From the listing below, pull each line that includes "orientation".

↓↓↓

definition bigon_boundary :: "(real \<Rightarrow> real \<times> real) \<Rightarrow> real \<Rightarrow> real \<Rightarrow> (real \<times> real) set" where
  "bigon_boundary c s t = c ` closed_segment s t \<union> closed_segment (c s) (c t)"

text \<open>is_bigon c s t: there is an embedded bigon in R^2 from x = c s to y = c t
  (i.e. y appears in the differential of x): the two arcs meet only at x and y,
  the bigon (the inside of the Jordan curve) lies to the left of the alpha-arc
  traversed from x to y (so the induced boundary orientation runs along alpha
  from x to y and along beta from y to x), and both corners are convex
  (the beta-arc leaves each corner into the side of alpha where the bigon lies).\<close>
definition is_bigon :: "(real \<Rightarrow> real \<times> real) \<Rightarrow> real \<Rightarrow> real \<Rightarrow> bool" where
  "is_bigon c s t \<longleftrightarrow>
     s \<in> alpha_pts c \<and> t \<in> alpha_pts c \<and> s \<noteq> t \<and>
     c ` closed_segment s t \<inter> closed_segment (c s) (c t) = {c s, c t} \<and>
     (let \<sigma> = sgn (fst (c t) - fst (c s)) in
       (\<forall>\<^sub>F e in at_right 0. midpoint (c s) (c t) + (0, \<sigma> * e) \<in> inside (bigon_boundary c s t)) \<and>
       (\<forall>\<^sub>F u in at s within open_segment s t. \<sigma> * snd (c u) > 0) \<and>
       (\<forall>\<^sub>F u in at t within open_segment s t. \<sigma> * snd (c u) > 0))"

definition pred_pt :: "(real \<Rightarrow> real \<times> real) \<Rightarrow> real \<Rightarrow> real" where
  "pred_pt c t = Max {s \<in> alpha_pts c. s < t}"

definition succ_pt :: "(real \<Rightarrow> real \<times> real) \<Rightarrow> real \<Rightarrow> real" where
  "succ_pt c t = Min {s \<in> alpha_pts c. t < s}"

text \<open>Turning point: the numbering along alpha-tilde is the order of the
  x-coordinate.\<close>
definition turning :: "(real \<Rightarrow> real \<times> real) \<Rightarrow> real \<Rightarrow> bool" where
  "turning c t \<longleftrightarrow> t \<in> alpha_pts c \<and> (\<exists>s\<in>alpha_pts c. s < t) \<and> (\<exists>s\<in>alpha_pts c. t < s) \<and>
     (let a = fst (c (pred_pt c t)); b = fst (c t); n = fst (c (succ_pt c t)) in
        (a < b \<and> n < b) \<or> (b < a \<and> b < n))"

text \<open>Positive: predecessor a \<in> \<partial> b; negative: b \<in> \<partial> a.\<close>
definition positive_turning :: "(real \<Rightarrow> real \<times> real) \<Rightarrow> real \<Rightarrow> bool" where
  "positive_turning c t \<longleftrightarrow> turning c t \<and> is_bigon c t (pred_pt c t)"

definition negative_turning :: "(real \<Rightarrow> real \<times> real) \<Rightarrow> real \<Rightarrow> bool" where
  "negative_turning c t \<longleftrightarrow> turning c t \<and> is_bigon c (pred_pt c t) t"

text \<open>A standard genus one doubly pointed Heegaard diagram (T^2, alpha, beta, w, z)
  with alpha . beta > 0, given through a lift gamma of beta (beta = gamma mod Z^2,
  gamma(t+1) = gamma t + (p,q), so alpha . beta = q) and lifts w, z of the basepoints.
  Standard form: every bigon embedded in T^2 contains a basepoint.\<close>
definition standard_diagram :: "(real \<Rightarrow> real \<times> real) \<Rightarrow> int \<Rightarrow> int \<Rightarrow> real \<times> real \<Rightarrow> real \<times> real \<Rightarrow> bool" where
  "standard_diagram \<gamma> p q w z \<longleftrightarrow>
     \<gamma> C1_differentiable_on UNIV \<and>
     (\<forall>t. vector_derivative \<gamma> (at t) \<noteq> 0) \<and>
     (\<forall>t. \<gamma> (t + 1) = \<gamma> t + (of_int p, of_int q)) \<and>
     q > 0 \<and>
     (\<forall>s t. int_vec (\<gamma> s - \<gamma> t) \<longrightarrow> s - t \<in> \<int>) \<and>
     (\<forall>t. snd (\<gamma> t) \<in> \<int> \<longrightarrow> snd (vector_derivative \<gamma> (at t)) \<noteq> 0) \<and>
     snd w \<notin> \<int> \<and> snd z \<notin> \<int> \<and>
     (\<forall>t u. int_vec u \<longrightarrow> w \<noteq> \<gamma> t + u \<and> z \<noteq> \<gamma> t + u) \<and>
     \<not> int_vec (w - z) \<and>
     (\<forall>u s t. int_vec u \<longrightarrow> is_bigon (\<lambda>r. \<gamma> r + u) s t \<longrightarrow>
        (let C = bigon_boundary (\<lambda>r. \<gamma> r + u) s t in
          (\<forall>a\<in>C \<union> inside C. \<forall>b\<in>C \<union> inside C. int_vec (a - b) \<longrightarrow> a = b) \<longrightarrow>
          (\<exists>m\<in>inside C. int_vec (m - w) \<or> int_vec (m - z))))"

end

theory Submission
  imports Defs
begin

text \<open>Number the points of \<open>\<alpha> \<inter> \<beta>\<close> along \<open>\<beta>\<close> as \<open>x\<^sub>0 = b, x\<^sub>1, \<dots>\<close>. Up to the next
  turning point they move monotonically along \<open>\<alpha>\<close>, in direction \<open>\<delta> = \<plusminus>1\<close> say, and as
  \<open>\<beta>\<close> crosses \<open>\<alpha>\<close> transversally, the arc of \<open>\<beta>\<close> from \<open>x\<^sub>\<ell>\<close> to \<open>x\<^sub>\<ell>\<^sub>+\<^sub>1\<close> lies on the
  side \<open>(-1)\<^sup>\<ell> \<epsilon>\<close> of \<open>\<alpha>\<close>. This arc and the segment of \<open>\<alpha>\<close> between its ends form a
  Jordan curve bounding an embedded bigon, which by the orientation conventions runs
  from \<open>x\<^sub>\<ell>\<close> to \<open>x\<^sub>\<ell>\<^sub>+\<^sub>1\<close> if \<open>(-1)\<^sup>\<ell> \<epsilon> = \<delta>\<close> and the other way round otherwise. Hence
  \<open>gr x\<^sub>\<ell>\<^sub>+\<^sub>1 - gr x\<^sub>\<ell> = -(-1)\<^sup>\<ell> \<delta> \<epsilon>\<close>, and these steps cancel in pairs. Finally, the bigon
  at \<open>b\<close> lies on the side \<open>-\<epsilon>\<close> of the arc ending at \<open>b\<close>, and since \<open>b\<close> is a turning point
  its direction along \<open>\<alpha>\<close> is \<open>\<delta>\<close> if \<open>b\<close> is positive and \<open>-\<delta>\<close> if \<open>b\<close> is negative; so
  \<open>-\<delta> \<epsilon>\<close> is \<open>1\<close> resp. \<open>-1\<close>.\<close>

section \<open>Sign changes of real functions\<close>

lemma sgn_eq_if_no_zero:
  fixes h :: "real \<Rightarrow> real"
  assumes "continuous_on {a..b} h" and "\<And>x. x \<in> {a..b} \<Longrightarrow> h x \<noteq> 0"
    and "x \<in> {a..b}" and "y \<in> {a..b}"
  shows "sgn (h x) = sgn (h y)"
proof -
  have conn: "connected (h ` {a..b})"
    using assms(1) by (rule connected_continuous_image) simp
  have "0 \<notin> h ` {a..b}" using assms(2) by force
  then have "\<not> (h x < 0 \<and> 0 < h y)" "\<not> (h y < 0 \<and> 0 < h x)"
    using connectedD_interval[OF conn] assms(3,4) by (meson imageI less_le_not_le)+
  moreover have "h x \<noteq> 0" "h y \<noteq> 0" using assms(2-4) by auto
  ultimately show ?thesis by (auto simp: sgn_real_def)
qed

lemma sgn_near_simple_zero:
  fixes h :: "real \<Rightarrow> real"
  assumes "(h has_real_derivative D) (at x)" and "D \<noteq> 0" and "h x = 0"
  obtains d where "0 < d"
    and "\<And>e. 0 < e \<Longrightarrow> e < d \<Longrightarrow> sgn (h (x + e)) = sgn D \<and> sgn (h (x - e)) = - sgn D"
proof -
  have increasing: "\<exists>d>0. \<forall>e. 0 < e \<and> e < d \<longrightarrow> 0 < g (x + e) \<and> g (x - e) < 0"
    if g: "(g has_real_derivative E) (at x)" "0 < E" "g x = 0" for g E
  proof -
    obtain d1 where "0 < d1" "\<And>e. 0 < e \<Longrightarrow> e < d1 \<Longrightarrow> g x < g (x + e)"
      using DERIV_pos_inc_right[OF g(1,2)] by blast
    moreover obtain d2 where "0 < d2" "\<And>e. 0 < e \<Longrightarrow> e < d2 \<Longrightarrow> g (x - e) < g x"
      using DERIV_pos_inc_left[OF g(1,2)] by blast
    ultimately show ?thesis using g(3) by (intro exI[of _ "min d1 d2"]) auto
  qed
  show ?thesis
  proof (cases "0 < D")
    case True
    then show ?thesis using increasing[OF assms(1) True assms(3)] that by auto
  next
    case False
    then have "((\<lambda>y. - h y) has_real_derivative - D) (at x)" "0 < - D"
      using assms(1,2) by (auto intro: derivative_intros)
    then show ?thesis using increasing[of "\<lambda>y. - h y" "- D"] assms(3) that False by auto
  qed
qed

lemma finite_zeros_if_simple:
  fixes h :: "real \<Rightarrow> real"
  assumes "continuous_on UNIV h" and "bounded {x. h x = 0}"
    and "\<And>x. h x = 0 \<Longrightarrow> \<exists>D. D \<noteq> 0 \<and> (h has_real_derivative D) (at x)"
  shows "finite {x. h x = 0}"
proof (rule ccontr)
  let ?Z = "{x. h x = 0}"
  assume "infinite ?Z"
  then obtain x where x: "x islimpt ?Z"
    using bounded_infinite_imp_islimpt[OF subset_refl assms(2)] by blast
  have "closed ?Z" using assms(1) by (intro closed_Collect_eq continuous_intros) auto
  then have "h x = 0" using x closed_limpt by blast
  then obtain D where "D \<noteq> 0" "(h has_real_derivative D) (at x)" using assms(3) by blast
  then obtain d where d: "0 < d"
    "\<And>e. 0 < e \<Longrightarrow> e < d \<Longrightarrow> sgn (h (x + e)) = sgn D \<and> sgn (h (x - e)) = - sgn D"
    using sgn_near_simple_zero \<open>h x = 0\<close> by metis
  obtain y where y: "h y = 0" "y \<noteq> x" "dist y x < d"
    using x d(1) unfolding islimpt_approachable by blast
  show False
  proof (cases "x < y")
    case True
    then show False using d(2)[of "y - x"] y \<open>D \<noteq> 0\<close> by (auto simp: dist_real_def sgn_eq_0_iff)
  next
    case False
    then show False using d(2)[of "x - y"] y \<open>D \<noteq> 0\<close> by (auto simp: dist_real_def sgn_eq_0_iff)
  qed
qed

section \<open>The bigon cut off by an arc of \<open>\<beta>\<close>\<close>

lemma subset_closure_inside_if_homeomorphic_sphere:
  fixes J :: "'a::euclidean_space set" and a :: 'a
  assumes hom: "J homeomorphic sphere a r" and "0 < r" and "2 \<le> DIM('a)"
  shows "J \<subseteq> closure (inside J)"
proof -
  have "compact J" using homeomorphic_compactness[OF hom] by simp
  then have "connected (outside J)" using connected_outside assms(3) compact_imp_bounded by blast
  moreover have "\<not> connected (- J)" using Jordan_Brouwer_separation[OF hom \<open>0 < r\<close>] .
  ultimately have "inside J \<noteq> {}" using inside_Un_outside[of J] by force
  then obtain x where x: "x \<in> inside J" by blast
  define T where "T = connected_component_set (- J) x"
  have "x \<in> - J" using x inside_no_overlap[of J] by blast
  then have "T \<in> components (- J)" unfolding T_def components_iff by blast
  then have "frontier T = J" using Jordan_Brouwer_frontier[OF hom] assms(3) by blast
  moreover have "T \<subseteq> inside J" unfolding T_def using x inside_same_component by blast
  ultimately show ?thesis using closure_mono unfolding frontier_def by blast
qed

↑↑↑

TASK ANSWER:
  traversed from x to y (so the induced boundary orientation runs along alpha
  Jordan curve bounding an embedded bigon, which by the orientation conventions runs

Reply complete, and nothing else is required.